▶ WHAT YOU NEED TO DO
Exactly and only the lines from the one with "using integrable_real_mult_indicator[OF _" through the end of the listing are to be transcribed, both ends included.

┌─ INFORMATION SUPPLIED

lemma AE_cond_prob_eq_const:
  fixes Y :: "'a \<Rightarrow> real"
  assumes [measurable]: "Y \<in> borel_measurable M" "I \<in> sets borel"
    and g: "is_cond_prob_given M Y A g"
    and eq: "\<And>C. C \<in> sets borel \<Longrightarrow>
      measure M (A \<inter> {\<omega>\<in>space M. Y \<omega> \<in> C \<inter> I}) = c * measure M {\<omega>\<in>space M. Y \<omega> \<in> C \<inter> I}"
  shows "AE y in distr M borel Y. y \<in> I \<longrightarrow> g y = c"
proof -
  let ?N = "distr M borel Y"
  interpret N: finite_measure ?N
    by (simp add: finite_measure_distr)
  have [measurable]: "g \<in> borel_measurable borel" and "integrable ?N g"
    using g by (simp_all add: is_cond_prob_given_def)
  have "AE y in ?N. indicator I y * g y = indicator I y * c"
  proof (rule density_unique_real)
    show "integrable ?N (\<lambda>y. indicator I y * g y)"
      using integrable_real_mult_indicator[OF _ \<open>integrable ?N g\<close>, of I] by (simp add: mult.commute)
    show "integrable ?N (\<lambda>y. indicator I y * c)"
      by (simp add: integrable_real_indicator N.emeasure_eq_measure)
    fix C assume "C \<in> sets ?N"
    then have [measurable]: "C \<in> sets borel"
      by simp
    have "(\<integral>y\<in>C. indicator I y * g y \<partial>?N) = (\<integral>y. indicator (C \<inter> I) y * g y \<partial>?N)"
      by (simp add: set_lebesgue_integral_def indicator_inter_arith mult.assoc)
    also have "\<dots> = measure M (A \<inter> {\<omega>\<in>space M. Y \<omega> \<in> C \<inter> I})"
      using g by (simp only: is_cond_prob_given_def) (metis sets.Int \<open>C \<in> sets borel\<close> \<open>I \<in> sets borel\<close>)
    also have "\<dots> = c * measure ?N (C \<inter> I)"
      using eq[of C] by (simp add: measure_distr vimage_def Int_def conj_commute)
    also have "\<dots> = (\<integral>y\<in>C. indicator I y * c \<partial>?N)"
      unfolding set_lebesgue_integral_def by (simp add: mult.assoc[symmetric] mult.commute[of c] flip: indicator_inter_arith)
    finally show "(\<integral>y\<in>C. indicator I y * g y \<partial>?N) = (\<integral>y\<in>C. indicator I y * c \<partial>?N)" .
  qed
  then show ?thesis
    by eventually_elim (simp add: indicator_def)
qed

└─

▶ SOLUTION
      using integrable_real_mult_indicator[OF _ \<open>integrable ?N g\<close>, of I] by (simp add: mult.commute)
    show "integrable ?N (\<lambda>y. indicator I y * c)"
      by (simp add: integrable_real_indicator N.emeasure_eq_measure)
    fix C assume "C \<in> sets ?N"
    then have [measurable]: "C \<in> sets borel"
      by simp
    have "(\<integral>y\<in>C. indicator I y * g y \<partial>?N) = (\<integral>y. indicator (C \<inter> I) y * g y \<partial>?N)"
      by (simp add: set_lebesgue_integral_def indicator_inter_arith mult.assoc)
    also have "\<dots> = measure M (A \<inter> {\<omega>\<in>space M. Y \<omega> \<in> C \<inter> I})"
      using g by (simp only: is_cond_prob_given_def) (metis sets.Int \<open>C \<in> sets borel\<close> \<open>I \<in> sets borel\<close>)
    also have "\<dots> = c * measure ?N (C \<inter> I)"
      using eq[of C] by (simp add: measure_distr vimage_def Int_def conj_commute)
    also have "\<dots> = (\<integral>y\<in>C. indicator I y * c \<partial>?N)"
      unfolding set_lebesgue_integral_def by (simp add: mult.assoc[symmetric] mult.commute[of c] flip: indicator_inter_arith)
    finally show "(\<integral>y\<in>C. indicator I y * g y \<partial>?N) = (\<integral>y\<in>C. indicator I y * c \<partial>?N)" .
  qed
  then show ?thesis
    by eventually_elim (simp add: indicator_def)
qed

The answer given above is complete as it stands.